We start by implementing the building block of our network: a linear layer with sigmoid activation.
import numpy as np
# a single linear layer with sigmoid activation
class LinearSigmoidLayer():
def __init__(self, in_dim, out_dim):
self.W = np.random.normal(size=(in_dim,out_dim))
self.W_grad = np.zeros_like(self.W)
self.afunc = lambda x: 1. / (1. + np.exp(-x))
# forward function to get output
def forward(self, x):
Wx = np.matmul(x, self.W)
self.y = self.afunc(Wx)
self.x = x
return self.y
# backward function to compute gradients
# grad_out is dJ/dy, where y is the layer's output
# grad_in is dJ/dx, where x is the layer's output
# the gradient dJ/dW is saved to self.W_grad
def backward(self, grad_out):
self.W_grad = np.matmul(
self.x.transpose(),
self.y * (1-self.y) * grad_out,
)
grad_in = np.matmul(
self.y * (1-self.y) * grad_out,
self.W.transpose()
)
return grad_in
Then we can stack the single layers to construct a two layer network.
# a two layer network with logistic function as activation
class Net():
def __init__(self, x_dim, W_dim):
self.l1 = LinearSigmoidLayer(x_dim, W_dim)

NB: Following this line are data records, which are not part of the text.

section \<open>When G(f) is a group\<close>

lemma Gf_translation_group:
  fixes G (structure)
  assumes "comm_group G" and c: "c \<in> carrier G"
    and f: "\<And>t. t \<in> carrier G \<Longrightarrow> f t = c \<otimes> t"
  shows "group (Gf G f)"
proof -
  interpret comm_group G by fact
  have f_closed: "f t \<in> carrier G" if "t \<in> carrier G" for t
    using that c by (simp add: f)
  show ?thesis
  proof (rule groupI)
    fix u v w assume "u \<in> carrier (Gf G f)" "v \<in> carrier (Gf G f)" "w \<in> carrier (Gf G f)"
    then show "u \<otimes>\<^bsub>Gf G f\<^esub> v \<otimes>\<^bsub>Gf G f\<^esub> w = u \<otimes>\<^bsub>Gf G f\<^esub> (v \<otimes>\<^bsub>Gf G f\<^esub> w)"
      using c by (auto elim!: Gf_carrier_cases simp: f m_ac)
  next
    fix u assume u: "u \<in> carrier (Gf G f)"
    then show "\<exists>v \<in> carrier (Gf G f). v \<otimes>\<^bsub>Gf G f\<^esub> u = \<one>\<^bsub>Gf G f\<^esub>"
    proof (cases rule: Gf_carrier_cases)
      case (1 a)
      then show ?thesis by (intro bexI[of _ "Inl (inv a)"]) auto
    next
      case (2 a)
      then have "f (inv c \<otimes> inv a \<otimes> a) = \<one>"
        using c by (simp add: m_assoc f)
      then show ?thesis using 2 c by (intro bexI[of _ "Inr (inv c \<otimes> inv a)"]) auto
    qed
  qed (auto simp: Gf_mult_closed[OF monoid_axioms f_closed] elim!: Gf_carrier_cases)
qed

text \<open>The rigidity fact: if one barred element b-bar satisfies
  (b-bar b-bar) k-bar = b-bar (b-bar k-bar) for all k, then f is the translation by
  b^-2 f(b^2), so G(f) is a group.\<close>

lemma Gf_group_if_bar_associates:
  fixes G (structure)
  assumes "comm_group G" and f_closed: "\<And>t. t \<in> carrier G \<Longrightarrow> f t \<in> carrier G"
    and b: "b \<in> carrier G"
    and assoc: "\<And>k. k \<in> carrier G \<Longrightarrow>
      Gf_mult G f (Gf_mult G f (Inr b) (Inr b)) (Inr k) = Gf_mult G f (Inr b) (Gf_mult G f (Inr b) (Inr k))"
  shows "group (Gf G f)"
proof -
  interpret comm_group G by fact
  define c where "c = inv b \<otimes> inv b \<otimes> f (b \<otimes> b)"
  have shift: "f (b \<otimes> b) \<otimes> k = b \<otimes> f (b \<otimes> k)" if "k \<in> carrier G" for k
    using assoc[OF that] by simp
  have "f t = c \<otimes> t" if t: "t \<in> carrier G" for t
  proof -
    have "f t = inv b \<otimes> (b \<otimes> f t)"
      using b t f_closed by (simp add: m_assoc[symmetric])
    also have "b \<otimes> f t = b \<otimes> f (b \<otimes> (inv b \<otimes> t))"
      using b t by (simp add: m_assoc[symmetric])
    also have "\<dots> = f (b \<otimes> b) \<otimes> (inv b \<otimes> t)"
      using shift[of "inv b \<otimes> t"] b t by simp
    finally show ?thesis using b t f_closed by (simp add: c_def m_ac)
  qed
  moreover have "c \<in> carrier G" using b f_closed by (simp add: c_def)
  ultimately show ?thesis by (intro Gf_translation_group[OF assms(1)])
qed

self.l2 = LinearSigmoidLayer(W_dim, 1)
# get output
def predict(self, x):
h = self.l1.forward(x)
self.y = self.l2.forward(h)
return self.y
# backprop
def backward(self, label):
# binary cross entropy loss, and gradients
if label == 1:
J = -1*np.log(self.y)
dJ = -1/self.y
else:
J = -1*np.log(1-self.y)
dJ = 1/(1-self.y)
# back propagation
dJdh = self.l2.backward(dJ) # output --> hidden
dJdx = self.l1.backward(dJdh) # hidden --> input
return J
# update weights according to gradients
def grad_step(self, lr=1e-4):
self.l1.W -= lr*self.l1.W_grad
self.l2.W -= lr*self.l2.W_grad
We can run with our previous example to check if the results are consistent with our manual computation.
model = Net(2, 3)
model.l1.W = np.array([[1.0,-1.0,3.0],[2.0,2.0,-1.0]])
model.l2.W = np.array([[0.1],[0.5],[-0.1]])
x = np.array([5.0, 3.0])[np.newaxis,...]
x_label = 1
# forward
out = model.predict(x)
# backward
loss = model.backward(label=x_label)
print('loss: {}'.format(loss))
print('W grad: {}'.format(model.l1.W_grad))
print('V grad: {}'.format(model.l2.W_grad))
loss: [[0.52699227]] W grad: [[-3.42057777e-06 -2.01341432e-01 1.25838681e-06] [-2.05234666e-06 -1.20804859e-01 7.55032084e-07]] V grad: [[-0.40961516] [-0.29945768] [-0.40961948]]
Another sanity check is to perform gradient descent on the single sample input and see if we can achieve close to zero loss.
You can try to change the target label below to see the network is able to adapt in either case.
## gradient descent
loss = []
score = []
for i in range(100):
out = model.predict(x)
loss.append(model.backward(label=1)) # 1 for positive, 0 for negative
model.grad_step(lr=1e-1)
score.append(out)
import matplotlib.pyplot as plt
plt.plot(np.array(loss).squeeze(),'-')
plt.plot(np.array(score).squeeze(),'.')
[<matplotlib.lines.Line2D at 0x7f8c0ed09f10>]
Summary¶
- Neural networks are powerful models that can approximate any function.
- They are trained using gradient descent.
- In order to compute gradients, we use an efficient algorithm called backpropagation.